Why am I getting black algea?

falcon

AC Members
Dec 16, 2003
216
0
0
Brampton, Ontario, Canada
Visit site
In all my tanks I seem to be getting black algea. This is the one that grows like fur on equipment and decorations in patches and also on glass. I'm not sure if it's a result of nutrient imbalance or something else. Maybe it's too much of something?

The first tank is 120g(60x18x26), gH 11, kH 5, pH 6.5-6.6, pressurized co2, pc lights 260w. I change around 50% once a week. Dosing: 4g of kNO3 3x/wk plus 14 drops of phosphate(enema), 20ml of traces 3x/wk(solution 300ml r/o and 9g of hydroponics trace mix).

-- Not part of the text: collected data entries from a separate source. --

lemma same_fetched:
  assumes "\<And>t. F (rt s' t) = F (rt s t)"
  shows "valid_idx s' = valid_idx s" and "cmd_of s' = cmd_of s"
  using assms by (simp_all add: fun_eq_iff valid_idx_def nF_def cmd_of_def)

lemma provider_state_le:
  assumes "state_le s s'" and "valid_idx s t i"
  shows "provider s' t i r = provider s t i r"
proof -
  have same: "valid_idx s' t j \<and> j < i \<and> writes r (cmd_of s' t j) \<longleftrightarrow>
        valid_idx s t j \<and> j < i \<and> writes r (cmd_of s t j)" for j
    using assms state_le_fetched[OF assms(1), of t j] by (auto simp: valid_idx_def)
  show ?thesis unfolding provider_def same ..
qed

definition loads_read_stores :: "('q,'d,'r) pstate \<Rightarrow> bool" where
  "loads_read_stores s \<longleftrightarrow>
     (\<forall>t i t' i'. L (rt s t) i = Some (St t' i') \<longrightarrow> valid_idx s t' i' \<and> is_store (cmd_of s t' i'))"

lemma regval_state_le:
  assumes "state_le s s'" and "loads_read_stores s"
  shows "valid_idx s t i \<Longrightarrow> regval n s t i r = Some v \<Longrightarrow> regval n s' t i r = Some v"
proof (induction n arbitrary: t i r v)
  case (Suc n)
  have le: "regval n s t' i' \<subseteq>\<^sub>m regval n s' t' i'" if "valid_idx s t' i'" for t' i'
    using Suc.IH[OF that] by (rule map_leI)
  have ev: "eval (regval n s t' i') e = Some w \<Longrightarrow> eval (regval n s' t' i') e = Some w"
    if "valid_idx s t' i'" for t' i' e w
    by (rule eval_map_le[OF le[OF that]])
  note same_provider = provider_state_le[OF assms(1) Suc.prems(1)]
  show ?case
  proof (cases "provider s t i r")
    case None
    with Suc.prems same_provider show ?thesis by simp
  next
    case (Some j)
    have vj: "valid_idx s t j" using provider_SomeD[OF Some] by blast
    have same_L: "L (rt s t) j = Some x \<Longrightarrow> L (rt s' t) j = Some x" for x
      using assms(1) unfolding state_le_def by (blast intro: map_leD)
    have src: "valid_idx s t' i' \<and> cmd_of s' t' i' = cmd_of s t' i'"
      if "L (rt s t) j = Some (St t' i')" for t' i'
      using assms that state_le_fetched[OF assms(1)] unfolding loads_read_stores_def by blast
    note regval_s = Suc.prems(2)
    show ?thesis
    proof (cases "cmd_of s t j")
      case (Load r' e)
      show ?thesis
      proof (cases "L (rt s t) j")
        case (Some x)
        with Load regval_s \<open>provider s t i r = Some j\<close> same_provider same_L[OF Some]
          state_le_fetched[OF assms(1) vj] src ev
        show ?thesis by (cases x) (auto split: cmd.splits)
      next
        case None
        from regval_s Some Load None show ?thesis by simp
      qed
    next
      case (Assign r' e)
      with regval_s Some same_provider state_le_fetched[OF assms(1) vj] ev[OF vj]
      show ?thesis by simp
    next
      case (Store e e')
      from regval_s Some Store show ?thesis by simp
    next
      case (Assume e)
      from regval_s Some Assume show ?thesis by simp
    qed
  qed
qed simp
lemma ramp_shift_up_in_sgen:
  assumes "ramp n p k 1 \<in> sgen {shift_down n, shift_up n}" "1 \<le> c" "c + k \<le> n"
  shows "ramp n p k c \<in> sgen {shift_down n, shift_up n}"
  using assms(2,3)
proof (induction c rule: nat_induct_at_least)
  case base
  then show ?case
    using assms(1) by simp
next
  case (Suc c)
  have "tmult (ramp n p k c) (shift_up n) = ramp n p k (Suc c)"
    unfolding shift_up_def using Suc by (subst tmult_ramp) (auto simp: max_def min_def)
  then show ?case
    using Suc by (metis Suc_leD add_Suc insertCI sgen.base sgen.mult)
qed

lemma short_ramps_subset_sgen_shifts:
  "short_ramps n \<subseteq> sgen {shift_down n, shift_up n}"
  unfolding short_ramps_def
proof clarify
  \<comment> \<open>ramp n p k c = shift down by p - 1, clamp at k + 1, shift up by c - 1; the clamp itself is
    shifting up and then down by n - k - 1.\<close>
  fix p k c assume params: "ramp_params n p k c" and short: "k + 2 \<le> n"
  let ?G = "sgen {shift_down n, shift_up n}"
  let ?q = "n - k"
  have "tmult (ramp n 1 k ?q) (ramp n ?q k 1) = ramp n 1 k 1"
    using short by (subst tmult_ramp) auto
  moreover have "ramp n 1 k ?q \<in> ?G" "ramp n ?q k 1 \<in> ?G"
    using ramp_to_top_in_sgen[of ?q n] ramp_to_bottom_in_sgen[of ?q n] short by simp_all
  ultimately have clamp: "ramp n 1 k 1 \<in> ?G"
    by (metis sgen.mult)
  have "ramp n p k 1 \<in> ?G"
  proof (cases "p = 1")
    case False
    have "tmult (ramp n p (n - p) 1) (ramp n 1 k 1) = ramp n p k 1"
      using params False by (subst tmult_ramp) (auto simp: ramp_params_def min_absorb2)
    moreover have "ramp n p (n - p) 1 \<in> ?G"
      using ramp_to_bottom_in_sgen params False by (simp add: ramp_params_def)
    ultimately show ?thesis
      using clamp by (metis sgen.mult)
  qed (use clamp in simp)
  then show "ramp n p k c \<in> ?G"
    using ramp_shift_up_in_sgen params by (simp add: ramp_params_def)
qed

lemma sgen_shifts_eq_Lnn1:
  assumes "2 \<le> n"
  shows "sgen {shift_down n, shift_up n} = Lnn1 n"
proof -
  have "Lnn1 n = short_ramps n"
    using assms by (intro Lnn1_eq_short_ramps) simp
  then show ?thesis
    using sgen_shifts_subset_short_ramps[OF assms] short_ramps_subset_sgen_shifts by blast
qed

lemma sgen_invariant:
  assumes "\<And>a. a \<in> A \<Longrightarrow> a ` X \<subseteq> X" "f \<in> sgen A"
  shows "f ` X \<subseteq> X"
  using assms(2)
proof induction
  case (mult a b)
  then show ?case
    by (auto simp: tmult_def image_subset_iff)
qed (use assms(1) in blast)

lemma OCT_invariant_sets:
  assumes "g \<in> OCT n" "1 \<le> n"
  shows "g ` {1} \<subseteq> {1} \<or> g ` {n} \<subseteq> {n} \<or> g ` {2..n - 1} \<subseteq> {2..n - 1}"
proof (cases "g 1 = 1 \<or> g n = n")
  case False
  then have "2 \<le> g 1" "g n \<le> n - 1"
    using OCT_maps_into[OF assms(1), of 1] OCT_maps_into[OF assms(1), of n] assms(2) by auto
  moreover have "g 1 \<le> g x" "g x \<le> g n" if "x \<in> {2..n - 1}" for x
    using OCT_mono[OF assms(1), of 1 x] OCT_mono[OF assms(1), of x n] that by auto
  ultimately have "g x \<in> {2..n - 1}" if "x \<in> {2..n - 1}" for x
    using that by fastforce
  then show ?thesis
    by blast
qed auto

lemma sgen_singleton_ne_Lnn1:
  assumes "3 \<le> n" "g \<in> OCT n"
  shows "sgen {g} \<noteq> Lnn1 n"
proof
  assume gen: "sgen {g} = Lnn1 n"
  have invariant: "f ` X \<subseteq> X" if "g ` X \<subseteq> X" "f \<in> sgen {g}" for f X
    using sgen_invariant[of "{g}" X f] that by blast
  have down: "shift_down n \<in> sgen {g}" and up: "shift_up n \<in> sgen {g}"
    using gen sgen_shifts_eq_Lnn1[of n] assms(1) by (auto intro: sgen.base)
  have shift_values: "tmult (shift_down n) (shift_up n) 1 = 2"
    "tmult (shift_up n) (shift_down n) n = n - 1" "shift_down n 2 = 1"
    using assms(1) by (simp_all add: tmult_def shift_down_def shift_up_def)
  consider "g ` {1} \<subseteq> {1}" | "g ` {n} \<subseteq> {n}" | "g ` {2..n - 1} \<subseteq> {2..n - 1}"
    using OCT_invariant_sets[OF assms(2)] assms(1) by fastforce
  then show False
  proof cases
    case 1
    then show False
      using invariant[OF 1 sgen.mult[OF down up]] shift_values(1) by simp
  next
    case 2
    then show False
      using invariant[OF 2 sgen.mult[OF up down]] shift_values(2) assms(1) by simp
  next
    case 3
    have "2 \<in> {2..n - 1}"
      using assms(1) by simp
    then have "shift_down n 2 \<in> {2..n - 1}"
      using invariant[OF 3 down] by blast
    then show False
      using shift_values(3) by simp
  qed
qed

lemma Lnn1_generating_set_card:
  assumes "3 \<le> n" "B \<subseteq> Lnn1 n" "finite B" "sgen B = Lnn1 n"
  shows "2 \<le> card B"
proof (rule ccontr)
  assume "\<not> 2 \<le> card B"
  then consider "card B = 0" | "card B = 1"
    by linarith
  then show False
  proof cases
    case 1
    then have "sgen B = {}"
      using assms(3) sgen_subset[of B "{}"] by auto
    then show False
      using assms(1,4) sgen_shifts_eq_Lnn1[of n] by (auto intro: sgen.base)
  next
    case 2
    then obtain g where "B = {g}"
      by (rule card_1_singletonE)
    moreover have "g \<in> OCT n"
      using assms(2) \<open>B = {g}\<close> by (auto simp: Lnn1_def RegOCT_def)
    ultimately show False
      using sgen_singleton_ne_Lnn1 assms(1,4) by blast
  qed
qed

lemma srank_eqI:
  assumes "A \<subseteq> S" "finite A" "sgen A = S"
    and "\<And>B. B \<subseteq> S \<Longrightarrow> finite B \<Longrightarrow> sgen B = S \<Longrightarrow> card A \<le> card B"
  shows "srank S = card A"
  unfolding srank_def by (rule Least_equality) (use assms in auto)

theorem corollary12:
  fixes n :: nat
  assumes "n \<ge> 4"
  shows "srank (Lnn1 n) = 2"
proof -
  let ?A = "{shift_down n, shift_up n}"
  have "shift_down n 1 \<noteq> shift_up n 1"
    using assms by (simp add: shift_down_def shift_up_def)
  then have "card ?A = 2"
    by (metis card_2_iff)
  moreover have "sgen ?A = Lnn1 n"
    using sgen_shifts_eq_Lnn1 assms by simp
  ultimately show ?thesis
    using srank_eqI[of ?A "Lnn1 n"] Lnn1_generating_set_card[of n] assms by (auto intro: sgen.base)
qed

end
(* In the setting described in the context, let $(x^k)$, $(\bar x^k)$, $(\alpha_k)$ be the sequences generated by the Conceptual Algorithm (with either Method 1 or Method 2). Then for every $k$ for which these are defined: (i) $\dfrac{x^k-\bar x^k}{\alpha_k}-(A_2x^k-A_2\bar x^k)\in (A_2+B)\bar x^k+A_1x^k$; (ii) $\operatorname{zer}(A+B)\subseteq T_k$.
   Context: Let $\mathcal H$ be a real Hilbert space with inner product $\langle\cdot,\cdot\rangle$ and norm $\|\cdot\|$. Let $A_1:\mathcal H\to\mathcal H$ be $\beta$-cocoercive for some $\beta>0$ (i.e. $\langle A_1x-A_1y,x-y\rangle\ge\beta\|A_1x-A_1y\|^2$ for all $x,y$), let $A_2:\mathcal H\to\mathcal H$ be maximally monotone and uniformly continuous, let $B:\mathcal H\rightrightarrows\mathcal H$ be maximally monotone, and set $A:=A_1+A_2$. Assume $\operatorname{zer}(A+B):=\{x:0\in Ax+Bx\}\neq\emptyset$. $J_{\alpha B}:=(I+\alpha B)^{-1}$ for $\alpha>0$, and $P_C$ denotes the orthogonal projection onto a nonempty closed convex set $C$. Fix $\theta,\delta\in(0,1)$, $\bar\delta>0$ with $1-\delta-\bar\delta>0$, and $\alpha_{-1}>0$ with $\alpha_{-1}\le4\beta\bar\delta$. Conceptual Algorithm: pick $x^0\in\mathcal H$. Given $x^k$ and $\alpha_{k-1}$, for $j\in\mathbb N$ let $\bar x^k_j:=J_{\alpha_{k-1}\theta^jB}(x^k-\alpha_{k-1}\theta^jAx^k)$ and let $j(k)$ be the smallest $j\in\mathbb N$ with $\alpha_{k-1}\theta^j\langle A_2x^k-A_2\bar x^k_j,x^k-\bar x^k_j\rangle\le\delta\|x^k-\bar x^k_j\|^2$. Set $\alpha_k:=\alpha_{k-1}\theta^{j(k)}$, $\bar x^k:=J_{\alpha_kB}(x^k-\alpha_kAx^k)$, $r_k:=\frac{\bar\delta}{\alpha_k}\|x^k-\bar x^k\|^2$, $T_k:=\{x\in\mathcal H:\langle \frac{x^k-\bar x^k}{\alpha_k}-(A_2x^k-A_2\bar x^k),x-\bar x^k\rangle\le r_k\}$ and $\Gamma_k:=\{x\in\mathcal H:\langle x^0-x^k,x-x^k\rangle\le0\}$. Method 1 sets $x^{k+1}:=P_{T_k}(x^k)$; Method 2 sets $x^{k+1}:=P_{T_k\cap\Gamma_k}(x^0)$. The algorithm stops if $x^{k+1}=x^k$. *)

theory Defs
  imports "HOL-Analysis.Analysis"
begin

text \<open>Real Hilbert space: type class real_inner + complete_space.
  Set-valued operators are modelled as functions 'a \<Rightarrow> 'a set.\<close>

definition monotone_op :: "('a::real_inner \<Rightarrow> 'a set) \<Rightarrow> bool" where
  "monotone_op B \<longleftrightarrow> (\<forall>x y u v. u \<in> B x \<longrightarrow> v \<in> B y \<longrightarrow> inner (u - v) (x - y) \<ge> 0)"
(* Let $S$ be a $\Sigma_1$-sequent, $H$ a Herbrand structure of $S$, $D=(U_1,\dots,U_q)\circ W$ a decomposition of $H$ with $W=\{\bar w_1,\dots,\bar w_k\}$, and $S^\sim$ the schematic extended Herbrand sequent of $S$ w.r.t. $D$. Let $A$ be a formula in conjunctive normal form such that $[X\backslash\lambda\bar\alpha.A]$ is a solution of $S^\sim$. Then the procedure $\mathrm{SF}$ described below terminates on input $A$, and for every $B\in\mathrm{SF}(A)$, $[X\backslash\lambda\bar\alpha.B]$ is a solution of $S^\sim$. Procedure $\mathrm{SF}(A)$: (i) replace $A$ by the CNF obtained from $A$ by deleting all clauses containing none of the variables $\alpha_1,\dots,\alpha_n$; (ii) set $R:=\{A\}$; (iii) for each $B\in\mathrm{forget}(A)$: if the sequent $B[\bar\alpha\backslash\bar w_1],\dots,B[\bar\alpha\backslash\bar w_k],\Gamma\vdash\Delta$ is E-valid, set $R:=R\cup\mathrm{SF}(B)$; (iv) return $R$.
   Context: We work in first-order predicate logic with equality. A $\Sigma_1$-sequent is a sequent $S$ of the form $\forall\bar x_1 F_1,\dots,\forall\bar x_p F_p\vdash\exists\bar x_{p+1}F_{p+1},\dots,\exists\bar x_q F_q$, where each $F_i$ is quantifier-free and $\bar x_i$ is a block of $k_i\ge 0$ variables. A sequent is E-valid if it is valid in predicate logic with equality (a quantifier-free formula or sequent with free variables is called E-valid if its universal closure is); a quasi-tautology is a quantifier-free E-valid sequent. A Herbrand structure of $S$ is a tuple $H=(H_1,\dots,H_q)$, $H_i$ a finite set of $k_i$-vectors of ground terms, such that, with $\mathcal F_i=\{F_i[\bar x_i\backslash\bar t]:\bar t\in H_i\}$ if $k_i>0$ and $\mathcal F_i=\{F_i\}$ if $k_i=0$, the sequent $\mathcal F_1\cup\dots\cup\mathcal F_p\vdash\mathcal F_{p+1}\cup\dots\cup\mathcal F_q$ is a quasi-tautology. A decomposition of $H$ is a pair $D=(U_1,\dots,U_q)\circ W$ where, for fresh variables $\bar\alpha=(\alpha_1,\dots,\alpha_n)$, each $U_i$ is a finite set of $k_i$-vectors of terms possibly containing the $\alpha_j$, and $W=\{\bar w_1,\dots,\bar w_k\}$ is a finite set of $n$-vectors of ground terms not containing any $\alpha_j$, such that $H_i=\{u[\bar\alpha\backslash\bar w]:u\in U_i,\bar w\in W\}$ for every $i$ with $k_i>0$. Put $\mathcal F'_i=\{F_i[\bar x_i\backslash\bar t]:\bar t\in U_i\}$ if $k_i>0$ and $\mathcal F'_i=\{F_i\}$ if $k_i=0$, and let $\Gamma=\mathcal F'_1\cup\dots\cup\mathcal F'_p$, $\Delta=\mathcal F'_{p+1}\cup\dots\cup\mathcal F'_q$. For an $n$-place predicate variable $X$, the schematic extended Herbrand sequent of $S$ w.r.t. $D$ is $S^\sim:\ X\bar\alpha\to\bigwedge_{i=1}^k X\bar w_i,\ \Gamma\vdash\Delta$. For a quantifier-free formula $A$ whose free variables are among $\alpha_1,\dots,\alpha_n$, $[X\backslash\lambda\bar\alpha.A]$ is a solution of $S^\sim$ if $S^\sim[X\backslash\lambda\bar\alpha.A]$ is a quasi-tautology. Forgetful reasoning: a CNF is regarded as a finite set of clauses $\{C_i\}_{i\in I}$ (the $\alpha_j$ being treated as constants). For clauses $C_1,C_2$, $\mathrm{res}(C_1,C_2)$ is the set of propositional resolvents of $C_1,C_2$ and $\mathrm{para}(C_1,C_2)$ is the set of clauses obtainable from $C_1,C_2$ by one ground paramodulation step. For a formula $F$ with CNF $\{C_i\}_{i\in I}$, $$\mathrm{forget}(F)=\Big\{C\wedge\bigwedge_{i\in I\setminus\{j,m\}}C_i\ \Big|\ j,m\in I,\ C\in\mathrm{res}(C_j,C_m)\cup\mathrm{para}(C_j,C_m)\Big\}.$$ *)

theory Defs
  imports Main
begin
lemma psi_carrier: "psi k \<in> carrier_mat 4 4"
  unfolding psi_def using ketbra_carrier[of "bell k"] by (simp add: carrier_vecD[OF bell_carrier])

lemma rho_sub_carrier: "rho_sub k \<in> carrier_mat 4 4"
  unfolding rho_sub_def psi_def using ketbra_carrier[of "ket2 _ _"] by (auto simp: ketbra_def)

lemma mat_adjoint_rho_sub: "mat_adjoint (rho_sub k) = rho_sub k"
proof -
  have K: "ketbra (ket2 i j) \<in> carrier_mat 4 4" "psi k \<in> carrier_mat 4 4" for i j k
    using ketbra_carrier[of "ket2 i j"] psi_carrier by (simp_all add: carrier_vecD[OF ket2_carrier])
  show ?thesis
    unfolding rho_sub_def using K
    by (simp add: mat_adjoint_smult mat_adjoint_add[of _ 4 4] mat_adjoint_ketbra psi_def)
qed

lemma trace_rho_sub:
  assumes "k < 4"
  shows "trace (rho_sub k) = 1"
proof -
  let ?\<alpha> = "complex_of_real (sqrt (2 + sqrt 2))" and ?\<beta> = "complex_of_real (sqrt (2 - sqrt 2))"
  have "?\<alpha> * ?\<alpha> / 4 + ?\<beta> * ?\<beta> / 4 = 1" "?\<beta> * ?\<beta> / 4 + ?\<alpha> * ?\<alpha> / 4 = 1"
    using chi_amplitudes(3) by (simp_all add: add_divide_distrib[symmetric] add.commute)
  then show ?thesis
    using assms
    by (auto simp: less_Suc_eq numeral_eq_Suc rho_sub_def psi_def bell_def ket2_def chi_plus_def
        chi_minus_def trace_def sum_lessThan_4 vec_of_list_index s2_mult_s2)
qed

definition swap_cz :: "complex mat" where
  "swap_cz = mat 4 4 (\<lambda>(i, j). [[1, 0, 0, 0], [0, 0, 1, 0], [0, 1, 0, 0], [0, 0, 0, -1]] ! i ! j)"

definition hadamard_even :: "complex mat" where
  "hadamard_even = mat 4 4 (\<lambda>(i, j). [[s2, 0, 0, s2], [0, 1, 0, 0], [0, 0, 1, 0], [s2, 0, 0, -s2]] ! i ! j)"

lemma swap_cz_carrier: "swap_cz \<in> carrier_mat 4 4"
  unfolding swap_cz_def by simp

lemma hadamard_even_carrier: "hadamard_even \<in> carrier_mat 4 4"
  unfolding hadamard_even_def by simp

lemma mat_adjoint_swap_cz [simp]: "mat_adjoint swap_cz = swap_cz"
  using swap_cz_carrier by (intro eq_matI) (auto simp: swap_cz_def less_Suc_eq numeral_eq_Suc)

lemma is_unitary_swap_cz: "is_unitary 4 swap_cz"
proof (rule is_unitary_if_selfadjoint_involution[OF swap_cz_carrier mat_adjoint_swap_cz])
  show "swap_cz * swap_cz = 1\<^sub>m 4"
    by (intro eq_matI)
      (auto simp: swap_cz_def scalar_prod_def atLeast0LessThan sum_lessThan_4 less_Suc_eq numeral_eq_Suc)
qed

lemma mat_adjoint_hadamard_even [simp]: "mat_adjoint hadamard_even = hadamard_even"
  using hadamard_even_carrier by (intro eq_matI) (auto simp: hadamard_even_def less_Suc_eq numeral_eq_Suc)

lemma is_unitary_hadamard_even: "is_unitary 4 hadamard_even"
proof (rule is_unitary_if_selfadjoint_involution[OF hadamard_even_carrier mat_adjoint_hadamard_even])
  show "hadamard_even * hadamard_even = 1\<^sub>m 4"
    by (intro eq_matI)
      (auto simp: hadamard_even_def scalar_prod_def atLeast0LessThan sum_lessThan_4 less_Suc_eq
        numeral_eq_Suc s2_mult_s2)
qed

lemma swap_cz_eigenvectors:
  "swap_cz *\<^sub>v ket2 0 0 = 1 \<cdot>\<^sub>v ket2 0 0" "swap_cz *\<^sub>v bell 2 = 1 \<cdot>\<^sub>v bell 2"
  "swap_cz *\<^sub>v ket2 1 1 = -1 \<cdot>\<^sub>v ket2 1 1" "swap_cz *\<^sub>v bell 3 = -1 \<cdot>\<^sub>v bell 3"
  by (intro eq_vecI;
      auto simp: swap_cz_def ket2_def bell_def scalar_prod_def atLeast0LessThan sum_lessThan_4
        less_Suc_eq numeral_eq_Suc vec_of_list_index)+

lemma hadamard_even_eigenvectors:
  "hadamard_even *\<^sub>v chi_plus = 1 \<cdot>\<^sub>v chi_plus" "hadamard_even *\<^sub>v chi_minus = -1 \<cdot>\<^sub>v chi_minus"
proof -
  let ?\<alpha> = "complex_of_real (sqrt (2 + sqrt 2))" and ?\<beta> = "complex_of_real (sqrt (2 - sqrt 2))"
  have "s2 * ?\<beta> / 2 - s2 * ?\<alpha> / 2 = - ((s2 * ?\<alpha> - s2 * ?\<beta>) / 2)"
    by (simp add: field_simps)
  then have minus: "s2 * ?\<beta> / 2 - s2 * ?\<alpha> / 2 = - (?\<beta> / 2)"
    by (simp only: chi_amplitudes(2))
  have plus: "s2 * ?\<beta> + s2 * ?\<alpha> = ?\<alpha>"
    using chi_amplitudes(1) by (simp only: add.commute)
  show "hadamard_even *\<^sub>v chi_plus = 1 \<cdot>\<^sub>v chi_plus" "hadamard_even *\<^sub>v chi_minus = -1 \<cdot>\<^sub>v chi_minus"
    by (intro eq_vecI;
        auto simp: hadamard_even_def chi_plus_def chi_minus_def scalar_prod_def atLeast0LessThan
          sum_lessThan_4 less_Suc_eq numeral_eq_Suc vec_of_list_index chi_amplitudes plus minus)+
qed
lemma sums_cubic_weight_series:
  fixes s a b c :: real and P :: "nat \<Rightarrow> real"
  assumes "s > 1"
    and P: "\<And>n. 3 * P (Suc n) = a * (3 * real (Suc n) - 1) * (3 * real (Suc n) - 2)
      + b * (real (Suc n) + 1) * (3 * real (Suc n) - 2) + c * (real (Suc n) + 1) * (real (Suc n) + 2)"
  shows "(\<lambda>n. let k = Suc n in
      P k / (real k * (3 * real k - 1) * (3 * real k - 2) * (-s) ^ k * real ((4 * k) choose k)))
    sums integral {0..1} (\<lambda>t. - cubic_weight a b c t / (s + t * (1 - t) ^ 3))"
proof -
  let ?h = "\<lambda>t. - 1 / s * cubic_weight a b c t" and ?q = "\<lambda>t. - 1 / s * (t * (1 - t) ^ 3)"
  have geometric: "(\<lambda>n. integral {0..1} (\<lambda>t. ?h t * ?q t ^ n)) sums integral {0..1} (\<lambda>t. ?h t / (1 - ?q t))"
  proof (rule sums_integral_geometric[where r = "1 / s"])
    show "continuous_on {0..1} ?h" "continuous_on {0..1} ?q"
      using \<open>s > 1\<close> by (auto simp: cubic_weight_def intro!: continuous_intros)
    show "1 / s < 1"
      using \<open>s > 1\<close> by simp
    fix t :: real
    assume "t \<in> {0..1}"
    then have "\<bar>t * (1 - t) ^ 3\<bar> \<le> 1"
      by (auto simp: abs_mult intro!: mult_le_one power_le_one)
    then show "\<bar>?q t\<bar> \<le> 1 / s"
      using \<open>s > 1\<close> by (simp only: abs_mult) (simp add: divide_right_mono)
  qed
  have term_integrals: "integral {0..1} (\<lambda>t. ?h t * ?q t ^ n) = (let k = Suc n in
      P k / (real k * (3 * real k - 1) * (3 * real k - 2) * (-s) ^ k * real ((4 * k) choose k)))" for n
  proof -
    have "(\<lambda>t. ?h t * ?q t ^ n) = (\<lambda>t. (- 1 / s) ^ Suc n * (t ^ n * (1 - t) ^ (3 * n) * cubic_weight a b c t))"
      unfolding power_mult_distrib power_mult power_Suc by (simp only: mult_ac)
    then have "integral {0..1} (\<lambda>t. ?h t * ?q t ^ n) = 1 / (-s) ^ Suc n * (3 * P (Suc n)
        / (3 * real (Suc n) * (3 * real (Suc n) - 1) * (3 * real (Suc n) - 2) * real ((4 * Suc n) choose Suc n)))"
      using has_integral_cubic_weight[of n a b c, THEN has_integral_mult_right, THEN integral_unique,
          of "(- 1 / s) ^ Suc n"]
      unfolding P[symmetric] power_one_over[symmetric] by simp
    moreover have "real ((4 * Suc n) choose Suc n) > 0" "(-s) ^ Suc n \<noteq> 0"
      using \<open>s > 1\<close> by simp_all
    ultimately show ?thesis
      unfolding Let_def by (simp add: divide_simps) (simp add: algebra_simps)
  qed
  have limit_integrand: "?h t / (1 - ?q t) = - cubic_weight a b c t / (s + t * (1 - t) ^ 3)" for t
    using \<open>s > 1\<close> by (cases "s + t * (1 - t) ^ 3 = 0") (simp_all add: field_simps)
  show ?thesis
    using geometric by (simp only: term_integrals limit_integrand)
qed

Second tank is 65g(36x18x24), gH 5, kH 3, ph 6.4-6.5, pressurized co2, pc lights 192w. I change around 50% once a week with r/o mix. Dosing: 2.2g of kNO3 3x/wk plus 7 drops of phosphate, 10ml of traces 3x/wk.

Any ideas?

Thanks.
 
Since you are using R/O, are you using anything like "R/O Right" to put trace chemicals back into the water? Most tap water is just fine for plant tanks.
 
Since I have had (let alone heard of ba) I ask my lfs owner (knows alot, my sister worked for him and breeds fish etc) and what he told was that my phosphates were too high. My water was other wise excellant. So I'm tearing down the tank (I am going larger). So many be your phosphate level is too high?
 
freeless2002 said:
Since I have had (let alone heard of ba) I ask my lfs owner (knows alot, my sister worked for him and breeds fish etc) and what he told was that my phosphates were too high. My water was other wise excellant. So I'm tearing down the tank (I am going larger). So many be your phosphate level is too high?


I have high PO4, I dose it and have for oh, perhaps 15 years, no BBA.

I can tell you right now it's a CO2 issue.
You need to recheck those pH readings and KH readings and make sure you have 30ppm and keep the CO2 at that level all day long.

That will stop the growth of the BBA, if you over feed and have very high fish loads, that will also cause BBA in some cases.

Trim what's there, remove the BBA as best you can, perhaps over a 3 week peroid, a little each week or 2x a week, then crank the CO2, even if the pH/Kh say obne thing, add a little bit more.

Recalibrate the pH probe, make sure the probe reads true when the light are off as it does when they on, stray current will reduce the pH causing a false positive.

If you use a test kit, well, add more CO2.

You have everything well covered.
Except CO2........

PO4 FYI, does not cause algae, any that I am aware of in a well planted tank that has good nutrient level etc.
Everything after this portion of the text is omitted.